Data
lemma eventually_ge_of_deriv_ge_affine:
  fixes f f' :: "real \<Rightarrow> real"
  assumes B: "B > 0" and c: "c < A / B"
    and deriv: "\<And>t. t \<ge> T \<Longrightarrow> (f has_real_derivative f' t) (at t within {T..})"
    and ineq: "\<And>t. t \<ge> T \<Longrightarrow> A - B * f t \<le> f' t"
  shows "eventually (\<lambda>t. c \<le> f t) at_top"
proof -
  define g where "g t = (f t - A / B) * exp (B * (t - T))" for t
  have g_mono: "g T \<le> g t" if "t \<ge> T" for t
  proof (rule DERIV_nonneg_imp_increasing_open[OF that])
    fix u assume u: "T < u" "u < t"
    then have "at u within {T..} = at u" by (intro at_within_interior) simp
    then have "(g has_real_derivative (f' u - (A - B * f u)) * exp (B * (u - T))) (at u)"
      unfolding g_def using deriv[of u] u B
      by (auto intro!: derivative_eq_intros simp: field_simps)
    moreover have "(f' u - (A - B * f u)) * exp (B * (u - T)) \<ge> 0" using ineq[of u] u by simp
    ultimately show "\<exists>y. (g has_real_derivative y) (at u) \<and> 0 \<le> y" by blast
  next
    have "continuous_on {T..t} f"
      using DERIV_continuous_on[OF has_field_derivative_subset[OF deriv]] by fastforce
    then show "continuous_on {T..t} g" unfolding g_def by (intro continuous_intros)
  qed
  have f_lower: "A / B + (f T - A / B) * exp (- B * (t - T)) \<le> f t" if "t \<ge> T" for t
  proof -
    have "(f T - A / B) * exp (- B * (t - T)) \<le> g t * exp (- B * (t - T))"
      using g_mono[OF that] by (simp add: g_def)
    also have "\<dots> = f t - A / B" by (simp add: g_def mult.assoc flip: exp_add)
    finally show ?thesis by simp
  qed
  have "filterlim (\<lambda>t. t - T) at_top at_top"
    using filterlim_tendsto_add_at_top[OF tendsto_const[of "- T"] filterlim_ident] by simp
  then have "filterlim (\<lambda>t. - B * (t - T)) at_bot at_top"
    using B by (intro filterlim_tendsto_neg_mult_at_bot[OF tendsto_const]) auto
  then have "((\<lambda>t. A / B + (f T - A / B) * exp (- B * (t - T))) \<longlongrightarrow> A / B + (f T - A / B) * 0) at_top"
    by (intro tendsto_intros filterlim_compose[OF exp_at_bot])
  then have "eventually (\<lambda>t. c < A / B + (f T - A / B) * exp (- B * (t - T))) at_top"
    using c by (simp add: order_tendstoD(1))
  moreover have "eventually (\<lambda>t. t \<ge> T) at_top" by simp
  ultimately show ?thesis
    by eventually_elim (use f_lower in fastforce)
qed

datatype ltr = LTR_I | LTR_A | LTR_R

lemma ltr_nonneg:
  fixes x y r C :: "real \<Rightarrow> real"
  assumes rates: "kON > 0" "kOFF > 0" "kI > 0"
    and C: "\<And>t. 0 \<le> C t" "\<And>t. C t \<le> cmax"
    and dx: "\<And>t. t \<ge> 0 \<Longrightarrow>
      (x has_real_derivative kON * r t + kI * y t - (kOFF + C t) * x t) (at t within {0..})"
    and dy: "\<And>t. t \<ge> 0 \<Longrightarrow> (y has_real_derivative C t * x t - kI * y t) (at t within {0..})"
    and dr: "\<And>t. t \<ge> 0 \<Longrightarrow> (r has_real_derivative kOFF * x t - kON * r t) (at t within {0..})"
    and init: "x 0 \<ge> 0" "y 0 \<ge> 0" "r 0 \<ge> 0"
    and t: "t \<ge> 0"
  shows "x t \<ge> 0 \<and> y t \<ge> 0 \<and> r t \<ge> 0"
proof -
  define f where "f = case_ltr x y r"
  define f' where "f' = case_ltr (\<lambda>t. kON * r t + kI * y t - (kOFF + C t) * x t)
    (\<lambda>t. C t * x t - kI * y t) (\<lambda>t. kOFF * x t - kON * r t)"
  let ?I = "{LTR_I, LTR_A, LTR_R}"
  have "f i t \<ge> 0" if "i \<in> ?I" for i
  proof (rule nonneg_invariance[where f' = f' and L = "kON + kI + kOFF + cmax", OF _ _ _ _ that t])
    fix i and t :: real assume "i \<in> ?I" "t \<ge> 0"
    then show "(f i has_real_derivative f' i t) (at t within {0..})"
      using dx dy dr by (auto simp: f_def f'_def)
  next
    fix i and t d :: real assume i: "i \<in> ?I" and "t > 0" "d > 0" and zero: "f i t = - d"
      and above: "\<forall>j\<in>?I. f j t \<ge> - d"
    then have lower: "0 \<le> x t + d" "0 \<le> y t + d" "0 \<le> r t + d" by (auto simp: f_def)
    have Ct: "0 \<le> C t" "0 \<le> cmax - C t" using C[of t] by simp_all
    from i show "f' i t + (kON + kI + kOFF + cmax) * d > 0"
    proof (elim insertE emptyE)
      assume "i = LTR_I"
      with zero have "f' i t + (kON + kI + kOFF + cmax) * d
          = kON * (r t + d) + kI * (y t + d) + (C t + cmax + 2 * kOFF) * d"
        by (simp add: f_def f'_def algebra_simps)
      with lower Ct rates \<open>d > 0\<close> show ?thesis by (simp add: add_nonneg_pos)
    next
      assume "i = LTR_A"
      with zero have "f' i t + (kON + kI + kOFF + cmax) * d
          = C t * (x t + d) + (cmax - C t + kON + kOFF + 2 * kI) * d"
        by (simp add: f_def f'_def algebra_simps)
      with lower Ct rates \<open>d > 0\<close> show ?thesis by (simp add: add_nonneg_pos)
    next
      assume "i = LTR_R"
      with zero have "f' i t + (kON + kI + kOFF + cmax) * d
          = kOFF * (x t + d) + (cmax + kI + 2 * kON) * d"
        by (simp add: f_def f'_def algebra_simps)
      with lower Ct rates \<open>d > 0\<close> show ?thesis by (simp add: add_nonneg_pos)
    qed
  qed (use init in \<open>auto simp: f_def\<close>)
  then show ?thesis by (force simp: f_def)
qed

Aim of the exercise
Search the records for lines holding the word "auto", then copy each line you find.

Result of the task
      by (auto intro!: derivative_eq_intros simp: field_simps)
    using B by (intro filterlim_tendsto_neg_mult_at_bot[OF tendsto_const]) auto
      using dx dy dr by (auto simp: f_def f'_def)
    then have lower: "0 \<le> x t + d" "0 \<le> y t + d" "0 \<le> r t + d" by (auto simp: f_def)
  qed (use init in \<open>auto simp: f_def\<close>)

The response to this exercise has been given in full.